# AVAILABLE RECORDS
──────────

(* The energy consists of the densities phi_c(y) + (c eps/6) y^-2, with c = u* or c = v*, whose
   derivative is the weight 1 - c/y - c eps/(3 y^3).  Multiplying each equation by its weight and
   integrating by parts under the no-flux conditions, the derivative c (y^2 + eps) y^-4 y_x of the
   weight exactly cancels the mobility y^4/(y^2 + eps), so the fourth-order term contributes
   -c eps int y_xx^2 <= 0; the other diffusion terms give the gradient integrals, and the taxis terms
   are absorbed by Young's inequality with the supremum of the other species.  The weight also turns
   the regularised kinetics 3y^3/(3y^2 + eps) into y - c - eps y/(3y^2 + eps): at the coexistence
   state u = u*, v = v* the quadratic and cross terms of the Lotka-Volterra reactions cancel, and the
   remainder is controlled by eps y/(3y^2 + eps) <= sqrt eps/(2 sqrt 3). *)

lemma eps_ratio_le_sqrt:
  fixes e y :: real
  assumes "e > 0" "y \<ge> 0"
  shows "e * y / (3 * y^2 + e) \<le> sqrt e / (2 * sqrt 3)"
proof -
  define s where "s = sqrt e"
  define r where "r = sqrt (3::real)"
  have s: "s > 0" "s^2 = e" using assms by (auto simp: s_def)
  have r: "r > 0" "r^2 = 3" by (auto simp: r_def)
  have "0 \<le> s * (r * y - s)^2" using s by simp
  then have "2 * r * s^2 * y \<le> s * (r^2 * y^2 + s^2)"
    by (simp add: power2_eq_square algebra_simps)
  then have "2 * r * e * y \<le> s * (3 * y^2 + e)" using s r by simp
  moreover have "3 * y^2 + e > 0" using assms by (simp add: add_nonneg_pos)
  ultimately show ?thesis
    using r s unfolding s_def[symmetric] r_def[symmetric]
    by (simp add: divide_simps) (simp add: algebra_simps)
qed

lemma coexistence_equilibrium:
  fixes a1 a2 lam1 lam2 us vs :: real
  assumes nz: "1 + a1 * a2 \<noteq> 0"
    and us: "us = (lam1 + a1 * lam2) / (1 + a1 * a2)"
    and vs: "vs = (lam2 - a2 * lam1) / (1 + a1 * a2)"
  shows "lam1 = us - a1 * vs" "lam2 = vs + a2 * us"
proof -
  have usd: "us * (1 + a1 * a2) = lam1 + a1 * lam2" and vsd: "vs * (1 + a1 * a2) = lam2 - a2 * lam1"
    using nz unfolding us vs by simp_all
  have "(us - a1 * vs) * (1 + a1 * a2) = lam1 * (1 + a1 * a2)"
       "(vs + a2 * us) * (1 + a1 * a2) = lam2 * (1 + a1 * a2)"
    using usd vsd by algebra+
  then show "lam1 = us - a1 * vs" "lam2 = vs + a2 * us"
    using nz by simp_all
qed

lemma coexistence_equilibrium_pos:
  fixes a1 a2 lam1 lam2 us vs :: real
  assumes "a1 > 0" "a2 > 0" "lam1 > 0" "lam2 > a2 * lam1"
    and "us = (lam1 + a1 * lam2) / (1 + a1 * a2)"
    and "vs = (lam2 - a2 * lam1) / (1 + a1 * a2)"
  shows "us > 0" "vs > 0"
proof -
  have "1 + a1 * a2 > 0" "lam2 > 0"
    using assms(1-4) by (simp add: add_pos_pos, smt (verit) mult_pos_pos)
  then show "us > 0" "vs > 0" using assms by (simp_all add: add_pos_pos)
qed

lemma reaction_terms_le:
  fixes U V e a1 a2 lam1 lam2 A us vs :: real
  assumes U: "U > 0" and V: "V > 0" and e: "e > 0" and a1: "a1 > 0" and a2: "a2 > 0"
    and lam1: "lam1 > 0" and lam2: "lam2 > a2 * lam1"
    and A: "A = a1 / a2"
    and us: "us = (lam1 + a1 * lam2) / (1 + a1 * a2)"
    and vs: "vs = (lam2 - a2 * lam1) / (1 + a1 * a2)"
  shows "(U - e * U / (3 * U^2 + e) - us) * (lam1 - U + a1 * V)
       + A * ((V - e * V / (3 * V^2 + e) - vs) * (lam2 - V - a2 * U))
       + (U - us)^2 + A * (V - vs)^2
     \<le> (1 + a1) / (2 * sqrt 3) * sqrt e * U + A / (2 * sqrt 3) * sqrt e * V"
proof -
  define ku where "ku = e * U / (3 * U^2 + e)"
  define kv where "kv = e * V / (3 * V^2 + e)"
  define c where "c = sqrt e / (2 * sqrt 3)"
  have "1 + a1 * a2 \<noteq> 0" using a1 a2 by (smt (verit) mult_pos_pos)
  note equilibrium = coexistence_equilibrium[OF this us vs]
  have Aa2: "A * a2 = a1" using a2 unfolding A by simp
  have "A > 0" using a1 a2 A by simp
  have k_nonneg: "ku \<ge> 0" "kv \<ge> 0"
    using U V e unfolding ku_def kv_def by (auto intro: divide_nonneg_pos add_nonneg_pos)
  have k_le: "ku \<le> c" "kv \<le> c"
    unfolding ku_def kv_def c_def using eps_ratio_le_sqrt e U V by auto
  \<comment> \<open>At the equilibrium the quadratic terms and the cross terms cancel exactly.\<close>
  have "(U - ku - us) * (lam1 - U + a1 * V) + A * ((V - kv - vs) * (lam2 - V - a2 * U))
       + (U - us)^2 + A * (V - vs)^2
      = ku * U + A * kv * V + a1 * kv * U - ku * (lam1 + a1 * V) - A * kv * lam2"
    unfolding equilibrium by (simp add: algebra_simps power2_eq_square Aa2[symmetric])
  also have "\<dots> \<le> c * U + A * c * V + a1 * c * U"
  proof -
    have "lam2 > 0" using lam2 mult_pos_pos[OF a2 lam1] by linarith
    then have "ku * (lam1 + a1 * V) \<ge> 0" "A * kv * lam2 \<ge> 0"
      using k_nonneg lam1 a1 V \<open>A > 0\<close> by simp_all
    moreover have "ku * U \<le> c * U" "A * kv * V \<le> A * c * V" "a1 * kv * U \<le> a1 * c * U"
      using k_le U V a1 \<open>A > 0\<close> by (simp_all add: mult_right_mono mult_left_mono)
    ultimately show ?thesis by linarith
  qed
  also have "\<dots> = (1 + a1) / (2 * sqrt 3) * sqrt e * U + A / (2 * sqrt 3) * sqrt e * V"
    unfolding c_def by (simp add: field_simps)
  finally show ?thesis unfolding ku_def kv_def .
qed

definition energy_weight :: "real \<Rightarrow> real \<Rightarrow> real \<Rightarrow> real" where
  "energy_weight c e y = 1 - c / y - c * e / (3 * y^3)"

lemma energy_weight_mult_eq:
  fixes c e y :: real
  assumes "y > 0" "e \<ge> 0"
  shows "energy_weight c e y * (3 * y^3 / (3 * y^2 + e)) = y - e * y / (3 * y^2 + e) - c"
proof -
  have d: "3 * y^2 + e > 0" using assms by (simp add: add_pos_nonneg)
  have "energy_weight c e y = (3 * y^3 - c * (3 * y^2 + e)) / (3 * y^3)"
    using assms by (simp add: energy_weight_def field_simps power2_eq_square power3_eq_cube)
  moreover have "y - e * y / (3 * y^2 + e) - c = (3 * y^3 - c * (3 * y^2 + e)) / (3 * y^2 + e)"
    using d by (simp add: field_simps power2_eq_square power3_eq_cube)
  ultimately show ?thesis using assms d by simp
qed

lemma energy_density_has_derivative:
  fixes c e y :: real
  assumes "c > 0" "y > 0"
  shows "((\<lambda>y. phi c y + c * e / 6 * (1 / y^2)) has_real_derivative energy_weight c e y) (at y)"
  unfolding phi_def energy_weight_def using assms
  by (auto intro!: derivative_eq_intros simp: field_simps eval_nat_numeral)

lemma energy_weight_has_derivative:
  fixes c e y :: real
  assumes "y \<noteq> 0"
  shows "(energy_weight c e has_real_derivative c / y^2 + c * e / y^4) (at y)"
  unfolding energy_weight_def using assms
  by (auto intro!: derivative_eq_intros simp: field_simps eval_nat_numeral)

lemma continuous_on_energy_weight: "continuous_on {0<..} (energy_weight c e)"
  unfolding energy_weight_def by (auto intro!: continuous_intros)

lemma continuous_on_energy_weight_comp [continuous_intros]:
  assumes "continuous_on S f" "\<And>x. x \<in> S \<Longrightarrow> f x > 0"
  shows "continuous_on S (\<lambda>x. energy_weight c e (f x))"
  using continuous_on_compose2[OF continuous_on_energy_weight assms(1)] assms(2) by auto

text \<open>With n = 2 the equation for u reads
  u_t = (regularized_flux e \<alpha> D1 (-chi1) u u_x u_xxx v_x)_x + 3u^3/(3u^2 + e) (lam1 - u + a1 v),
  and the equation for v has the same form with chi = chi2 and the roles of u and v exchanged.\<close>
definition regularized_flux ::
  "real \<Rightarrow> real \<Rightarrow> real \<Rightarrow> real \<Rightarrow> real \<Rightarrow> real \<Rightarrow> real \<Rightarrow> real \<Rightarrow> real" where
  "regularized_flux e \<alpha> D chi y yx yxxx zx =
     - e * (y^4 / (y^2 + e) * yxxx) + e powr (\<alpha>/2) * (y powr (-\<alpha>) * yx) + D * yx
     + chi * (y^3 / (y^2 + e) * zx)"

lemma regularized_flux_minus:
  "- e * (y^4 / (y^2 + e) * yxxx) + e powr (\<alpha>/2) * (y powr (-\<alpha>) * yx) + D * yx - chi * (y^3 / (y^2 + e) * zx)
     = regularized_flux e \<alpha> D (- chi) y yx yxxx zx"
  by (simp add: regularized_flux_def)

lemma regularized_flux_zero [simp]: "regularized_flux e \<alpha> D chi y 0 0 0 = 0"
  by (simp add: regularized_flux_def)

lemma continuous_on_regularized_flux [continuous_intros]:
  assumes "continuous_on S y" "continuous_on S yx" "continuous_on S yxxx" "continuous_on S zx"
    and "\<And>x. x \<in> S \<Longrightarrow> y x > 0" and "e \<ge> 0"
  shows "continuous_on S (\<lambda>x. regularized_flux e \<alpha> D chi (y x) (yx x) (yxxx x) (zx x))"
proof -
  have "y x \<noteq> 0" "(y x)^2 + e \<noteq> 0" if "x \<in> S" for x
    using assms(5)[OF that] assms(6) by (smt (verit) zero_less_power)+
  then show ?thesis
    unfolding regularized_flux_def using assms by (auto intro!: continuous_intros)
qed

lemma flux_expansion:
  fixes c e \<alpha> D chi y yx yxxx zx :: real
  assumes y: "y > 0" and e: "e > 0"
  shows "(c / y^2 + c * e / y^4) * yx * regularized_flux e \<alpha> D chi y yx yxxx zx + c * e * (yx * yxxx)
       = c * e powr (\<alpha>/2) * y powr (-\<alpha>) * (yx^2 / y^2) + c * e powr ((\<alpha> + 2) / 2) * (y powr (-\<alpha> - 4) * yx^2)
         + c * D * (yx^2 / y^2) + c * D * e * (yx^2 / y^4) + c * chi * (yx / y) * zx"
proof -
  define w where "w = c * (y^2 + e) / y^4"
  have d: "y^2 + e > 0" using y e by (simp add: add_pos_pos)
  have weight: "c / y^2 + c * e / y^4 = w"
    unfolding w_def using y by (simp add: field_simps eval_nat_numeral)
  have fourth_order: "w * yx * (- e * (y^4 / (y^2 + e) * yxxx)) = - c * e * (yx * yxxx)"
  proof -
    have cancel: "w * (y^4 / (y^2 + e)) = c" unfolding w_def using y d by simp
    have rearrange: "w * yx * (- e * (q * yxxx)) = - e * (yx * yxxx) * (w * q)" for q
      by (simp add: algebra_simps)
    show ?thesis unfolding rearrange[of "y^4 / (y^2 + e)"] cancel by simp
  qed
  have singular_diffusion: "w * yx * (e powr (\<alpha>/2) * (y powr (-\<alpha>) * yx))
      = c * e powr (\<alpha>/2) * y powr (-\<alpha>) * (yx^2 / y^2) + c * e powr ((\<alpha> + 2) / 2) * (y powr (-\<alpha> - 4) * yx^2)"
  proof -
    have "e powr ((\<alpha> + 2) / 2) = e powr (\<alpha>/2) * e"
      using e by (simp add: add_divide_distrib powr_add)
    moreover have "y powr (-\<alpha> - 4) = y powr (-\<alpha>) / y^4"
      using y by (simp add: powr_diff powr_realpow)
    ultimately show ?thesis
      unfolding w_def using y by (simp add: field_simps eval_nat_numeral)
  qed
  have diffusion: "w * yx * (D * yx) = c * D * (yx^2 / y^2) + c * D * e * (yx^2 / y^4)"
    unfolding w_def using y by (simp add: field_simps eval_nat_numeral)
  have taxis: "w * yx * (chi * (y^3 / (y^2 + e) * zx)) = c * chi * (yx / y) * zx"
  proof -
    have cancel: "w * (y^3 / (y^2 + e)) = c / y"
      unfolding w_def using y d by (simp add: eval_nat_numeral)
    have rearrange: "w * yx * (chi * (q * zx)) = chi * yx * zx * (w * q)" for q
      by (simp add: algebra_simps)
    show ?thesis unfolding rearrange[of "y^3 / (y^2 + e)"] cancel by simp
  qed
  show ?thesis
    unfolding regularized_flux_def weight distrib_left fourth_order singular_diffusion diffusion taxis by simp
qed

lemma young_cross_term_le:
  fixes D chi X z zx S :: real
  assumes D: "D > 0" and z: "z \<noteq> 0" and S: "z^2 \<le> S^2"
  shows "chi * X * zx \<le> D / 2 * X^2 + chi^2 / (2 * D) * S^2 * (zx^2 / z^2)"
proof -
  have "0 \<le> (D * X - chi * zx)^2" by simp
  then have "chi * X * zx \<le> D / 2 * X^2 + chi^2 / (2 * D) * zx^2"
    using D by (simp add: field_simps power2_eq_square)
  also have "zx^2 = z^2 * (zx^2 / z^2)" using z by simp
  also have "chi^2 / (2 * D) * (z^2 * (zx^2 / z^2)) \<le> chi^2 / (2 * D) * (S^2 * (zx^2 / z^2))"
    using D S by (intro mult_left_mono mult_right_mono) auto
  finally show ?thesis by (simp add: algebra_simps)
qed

──────────

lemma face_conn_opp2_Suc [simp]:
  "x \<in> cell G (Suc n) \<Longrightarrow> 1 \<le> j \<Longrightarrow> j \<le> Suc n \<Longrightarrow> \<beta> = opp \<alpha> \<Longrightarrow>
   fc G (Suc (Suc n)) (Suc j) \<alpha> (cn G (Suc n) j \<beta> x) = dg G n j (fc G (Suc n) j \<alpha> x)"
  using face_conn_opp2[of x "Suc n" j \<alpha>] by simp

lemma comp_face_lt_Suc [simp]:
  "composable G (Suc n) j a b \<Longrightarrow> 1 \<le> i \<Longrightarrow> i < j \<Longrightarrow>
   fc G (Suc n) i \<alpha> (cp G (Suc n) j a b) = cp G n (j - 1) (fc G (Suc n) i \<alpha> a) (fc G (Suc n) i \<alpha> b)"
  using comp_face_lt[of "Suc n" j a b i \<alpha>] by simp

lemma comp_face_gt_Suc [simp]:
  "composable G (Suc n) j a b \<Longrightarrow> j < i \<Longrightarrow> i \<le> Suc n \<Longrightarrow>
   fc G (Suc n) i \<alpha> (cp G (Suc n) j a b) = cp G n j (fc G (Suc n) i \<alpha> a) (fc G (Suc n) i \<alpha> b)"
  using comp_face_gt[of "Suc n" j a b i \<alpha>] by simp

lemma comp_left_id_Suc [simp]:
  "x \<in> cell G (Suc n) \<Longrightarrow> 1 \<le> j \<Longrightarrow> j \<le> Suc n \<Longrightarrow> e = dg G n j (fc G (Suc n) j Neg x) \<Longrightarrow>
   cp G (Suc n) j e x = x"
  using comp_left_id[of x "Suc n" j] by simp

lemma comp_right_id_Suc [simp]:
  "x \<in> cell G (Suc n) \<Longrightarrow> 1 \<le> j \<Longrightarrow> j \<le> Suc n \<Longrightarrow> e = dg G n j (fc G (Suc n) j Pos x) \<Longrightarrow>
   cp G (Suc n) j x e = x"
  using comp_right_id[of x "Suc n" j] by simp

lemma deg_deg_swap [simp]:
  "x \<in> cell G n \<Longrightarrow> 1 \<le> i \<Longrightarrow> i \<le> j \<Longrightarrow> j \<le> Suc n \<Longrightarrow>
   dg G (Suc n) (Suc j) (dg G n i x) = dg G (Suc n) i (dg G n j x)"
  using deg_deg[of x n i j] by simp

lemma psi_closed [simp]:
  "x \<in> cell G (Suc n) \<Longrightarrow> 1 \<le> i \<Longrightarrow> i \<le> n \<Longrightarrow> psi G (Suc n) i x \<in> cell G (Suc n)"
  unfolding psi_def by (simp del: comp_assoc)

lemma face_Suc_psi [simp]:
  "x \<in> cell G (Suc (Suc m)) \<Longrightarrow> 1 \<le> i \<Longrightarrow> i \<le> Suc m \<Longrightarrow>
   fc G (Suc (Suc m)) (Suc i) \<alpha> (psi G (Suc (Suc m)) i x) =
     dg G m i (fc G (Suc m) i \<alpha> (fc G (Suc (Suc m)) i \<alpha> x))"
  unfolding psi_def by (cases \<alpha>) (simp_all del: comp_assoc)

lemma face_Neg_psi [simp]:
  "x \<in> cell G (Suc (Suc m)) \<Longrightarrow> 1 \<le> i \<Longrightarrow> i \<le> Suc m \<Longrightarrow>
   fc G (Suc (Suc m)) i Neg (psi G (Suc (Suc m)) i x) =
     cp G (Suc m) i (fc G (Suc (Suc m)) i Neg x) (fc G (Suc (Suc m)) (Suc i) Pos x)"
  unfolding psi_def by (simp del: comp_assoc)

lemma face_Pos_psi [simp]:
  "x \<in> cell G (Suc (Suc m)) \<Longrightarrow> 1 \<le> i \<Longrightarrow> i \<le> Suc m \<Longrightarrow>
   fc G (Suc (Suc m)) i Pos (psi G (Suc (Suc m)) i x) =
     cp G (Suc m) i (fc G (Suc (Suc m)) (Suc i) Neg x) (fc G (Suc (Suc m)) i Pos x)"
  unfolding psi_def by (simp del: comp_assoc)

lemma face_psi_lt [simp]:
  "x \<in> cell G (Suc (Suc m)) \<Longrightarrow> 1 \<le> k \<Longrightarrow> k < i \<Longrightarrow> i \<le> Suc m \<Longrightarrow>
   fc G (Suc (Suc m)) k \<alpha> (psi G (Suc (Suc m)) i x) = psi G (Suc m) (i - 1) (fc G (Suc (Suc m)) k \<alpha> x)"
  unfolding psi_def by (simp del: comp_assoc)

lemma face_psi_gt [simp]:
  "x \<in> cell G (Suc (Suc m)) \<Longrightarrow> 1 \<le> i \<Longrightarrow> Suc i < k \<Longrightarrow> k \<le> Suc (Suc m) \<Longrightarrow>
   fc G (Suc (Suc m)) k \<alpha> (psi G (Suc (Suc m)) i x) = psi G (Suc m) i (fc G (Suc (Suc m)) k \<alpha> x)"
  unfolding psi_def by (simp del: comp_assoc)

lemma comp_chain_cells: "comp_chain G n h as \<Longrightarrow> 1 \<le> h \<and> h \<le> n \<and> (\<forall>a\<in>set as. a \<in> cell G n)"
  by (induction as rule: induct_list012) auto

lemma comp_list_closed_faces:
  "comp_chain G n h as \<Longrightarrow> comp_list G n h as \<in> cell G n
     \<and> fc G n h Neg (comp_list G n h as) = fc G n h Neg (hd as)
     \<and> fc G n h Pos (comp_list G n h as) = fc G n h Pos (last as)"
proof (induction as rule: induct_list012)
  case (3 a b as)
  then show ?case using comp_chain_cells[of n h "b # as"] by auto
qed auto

──────────

# WHAT IS EXPECTED
What you return should be exactly the lines above, starting at the one with "(* The energy" and ending at the one with "fixes e y :: real", and nothing else.

# FINISHED TASK
(* The energy consists of the densities phi_c(y) + (c eps/6) y^-2, with c = u* or c = v*, whose
   derivative is the weight 1 - c/y - c eps/(3 y^3).  Multiplying each equation by its weight and
   integrating by parts under the no-flux conditions, the derivative c (y^2 + eps) y^-4 y_x of the
   weight exactly cancels the mobility y^4/(y^2 + eps), so the fourth-order term contributes
   -c eps int y_xx^2 <= 0; the other diffusion terms give the gradient integrals, and the taxis terms
   are absorbed by Young's inequality with the supremum of the other species.  The weight also turns
   the regularised kinetics 3y^3/(3y^2 + eps) into y - c - eps y/(3y^2 + eps): at the coexistence
   state u = u*, v = v* the quadratic and cross terms of the Lotka-Volterra reactions cancel, and the
   remainder is controlled by eps y/(3y^2 + eps) <= sqrt eps/(2 sqrt 3). *)

lemma eps_ratio_le_sqrt:
  fixes e y :: real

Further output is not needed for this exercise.